Having taken the leap into the great entrepreneurial unknown and resigned myself to never goin

g back to a full-time job, here is the biggest lesson I've learned so far.

FAIL!!!

Not what you wanted to hear, right?

You wanted to come out fierce...Like you own this!

Insert, reality check...

Most likely, this is not going to happen.

You have to release the expectation that success will come on your first or second or sixth go at this.

Even Robert Kiyosaki, the multi-millionaire businessman and author of “Rich Dad, Poor Dad” says that he tells his investors before a deal, “This might fail.”

He releases the expectation of success and perfection and learns from whatever happens.

If you are failing, you are trying.

You are moving, which is far better than sitting still.

I’ve observed something super interesting in my life.

When I commit to something - if I keep digging and go deep with it, eventually I’ll hit upon some kind of gold. I’ll reach milestones, which become the markers that lead me to my destination over time.

Those markers might look like failures but they are actually guiding me back on to the right path.

If you don’t try something,

if you don’t get that idea from your head and out into the world,

there is no opportunity for the road to appear.

Taking action and allowing yourself to fail provides the momentum for you to move forward.

Comparison is the constant enemy of us allowing ourselves to fail. We are always painfully comparing ourselves to a future version of ourselves in our imagination and coming up painfully short. Then we chastise ourselves for not having become that fantasy image as yet. (I'm super guilty of this one.)

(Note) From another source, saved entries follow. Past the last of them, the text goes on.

lemma principal_vectors_orthogonal_cross:
  assumes pv: "principal_vectors m n P (span_of n' b) u v" and jk: "j < k" "k < n"
  shows "dotp m (u j) (v k) = 0"
proof -
  have vk: "v k \<in> span_of n' b" "dotp m (v k) (v k) = 1" "\<forall>i<k. dotp m (v k) (v i) = 0"
    using pv jk unfolding principal_vectors_def by auto
  have uj: "u j \<in> P" "v j \<in> span_of n' b" "dotp m (u j) (u j) = 1" "dotp m (v j) (v j) = 1"
    "\<forall>i<j. dotp m (u j) (u i) = 0 \<and> dotp m (v j) (v i) = 0"
    "\<forall>x\<in>P. \<forall>y\<in>span_of n' b. dotp m x x = 1 \<and> dotp m y y = 1 \<and>
       (\<forall>i<j. dotp m x (u i) = 0 \<and> dotp m y (v i) = 0) \<longrightarrow> dotp m x y \<le> dotp m (u j) (v j)"
    using pv jk unfolding principal_vectors_def by (auto dest: less_trans)
  \<comment> \<open>u j is a best partner also for the admissible unit vectors p v j + q v k.\<close>
  have "p * dotp m (u j) (v j) + q * dotp m (u j) (v k) \<le> dotp m (u j) (v j)"
    if pq: "p\<^sup>2 + q\<^sup>2 = 1" for p q
  proof -
    define y where "y = (\<lambda>i. p * v j i + q * v k i)"
    have "y \<in> span_of n' b" unfolding y_def using uj(2) vk(1) by (intro span_of_add span_of_scale)
    moreover have "dotp m y y = 1"
    proof -
      have "dotp m (v j) (v k) = 0" using vk(3) jk(1) dotp_commute[of m "v j" "v k"] by simp
      then show ?thesis using uj(4) vk(2) pq dotp_commute[of m "v k" "v j"]
        unfolding y_def dotp_add_left dotp_add_right dotp_scale_left dotp_scale_right
        by (simp add: power2_eq_square)
    qed
    moreover have "\<forall>i<j. dotp m y (v i) = 0"
      unfolding y_def dotp_add_left dotp_scale_left using uj(5) vk(3) jk(1) by simp
    ultimately have "dotp m (u j) y \<le> dotp m (u j) (v j)" using uj by blast
    then show ?thesis unfolding y_def dotp_add_right dotp_scale_right .
  qed
  then show ?thesis by (rule max_on_unit_circle_at_axis)
qed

Neil Donald Walsh, the author of "Conversations with God" tells the story of a dream he once had. In it, he enters a small village. As he explores it, he sees that all the locals are walking around in torture. As they walk, tiny tailors jump on to them sticking them with pins and lining them with measuring tape. The villagers constantly have to pick and shake the tiny tailors off. They walk around bleeding and haggard.

Neil notices one man though who is walking in peace. The tiny tailors don’t even notice him. Neil approaches him, “Excuse me sir... What’s different about you? Why do the tiny tailors not jump on you?”

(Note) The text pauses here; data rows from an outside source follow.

definition three_edge_connected :: "mgraph \<Rightarrow> bool" where
  "three_edge_connected G \<longleftrightarrow> verts G \<noteq> {} \<and>
     (\<forall>S. S \<subseteq> edges G \<longrightarrow> card S < 3 \<longrightarrow> connected_via G (edges G - S))"

definition contr_vertex :: "mgraph \<Rightarrow> nat \<Rightarrow> nat" where
  "contr_vertex G e = Min (ends G e)"

definition contract :: "mgraph \<Rightarrow> nat \<Rightarrow> mgraph" where
  "contract G e =
    (let a = Min (ends G e); b = Max (ends G e); f = (\<lambda>x. if x = b then a else x)
     in \<lparr> verts = verts G - {b}, edges = edges G - {e}, ends = (\<lambda>d. f ` ends G d) \<rparr>)"

definition iso_at :: "mgraph \<Rightarrow> mgraph \<Rightarrow> nat \<Rightarrow> nat \<Rightarrow> bool" where
  "iso_at G H x y \<longleftrightarrow> (\<exists>\<phi> \<psi>. bij_betw \<phi> (verts G) (verts H) \<and> bij_betw \<psi> (edges G) (edges H) \<and>
      (\<forall>d\<in>edges G. ends H (\<psi> d) = \<phi> ` ends G d) \<and> \<phi> x = y)"

definition strongly_linked :: "mgraph \<Rightarrow> mgraph \<Rightarrow> bool" where
  "strongly_linked G1 G2 \<longleftrightarrow> (\<exists>e1\<in>edges G1. \<exists>e2\<in>edges G2. non_loop G1 e1 \<and> non_loop G2 e2 \<and>
      iso_at (contract G1 e1) (contract G2 e2) (contr_vertex G1 e1) (contr_vertex G2 e2))"

definition linked :: "mgraph \<Rightarrow> mgraph \<Rightarrow> bool" where
  "linked = (\<lambda>G H. wf_mgraph G \<and> wf_mgraph H \<and> strongly_linked G H)\<^sup>*\<^sup>*"

text \<open>p-hamiltonian graph in normalized form: vertices v_1..v_gamma are the
  numbers 1..gamma, and cyc i is the hamiltonian-cycle edge e_i joining v_i and
  v_(i+1) (indices mod gamma).\<close>
definition nxt :: "nat \<Rightarrow> nat \<Rightarrow> nat" where
  "nxt \<gamma> i = i mod \<gamma> + 1"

Nonchalantly he says, “Oh... I decided to stop measuring myself.”

Decide! Decide to stop it!

Stop judging and measuring yourself against against an imagined future version of yourself or someone else who is far farther along their entrepreneurial path than you.

Stop it!!

The action you can. Take it consistently guided by what feels good to you.

Be brave and challenge yourself in ways that are in alignment with your spirit.

Be open to failing and be proud of yourself for just stepping out, if things don't go according to plan.

In fact, I’m going to set you a challenge.

Fail at something. Anything.

That idea that’s been sitting in your head, put it out there in the world. No matter how it turns out, celebrate the fact that you did it at all.

Celebrate the action and not the outcome.

Rinse and repeat this over and over again.

You will learn so much. You will learn how to do it better, faster or completely differently.

Test and measure. That is what an entrepreneur does.

One day it will click and you'll be off and running.

Here is another pearl of wisdom from Neale Donald Walsch on this subject. This is from a 2015 interview with my mentor, Sage Lavine of Women Rocking Business.

“My first requirement is to stay in my sense of who I really I am and why I am here and to remove myself from any need for any outcome or result. If I focus my life on outcome or result and I have to see things happen in a certain way by a certain time or else I think I am a failure ... if that becomes the focus of my life, it’s going to be hard to not become angry, frustrated and disappointed.

If you do, you have your eyes on the wrong goal. The real goal in life is your soul fully self realising itself - understanding who you really are and expressing that through the activities and functions of your life.”

Your real goal is to be of service, allow your spirit to expand and to express your aspect of the Divine. Leave the rest to God / the Universe.

Just because things didn't happen the way you had in mind, doesn't mean that it's not the best thing that could have happened.

Keep going and I just might run into you on that beach in Hawaii.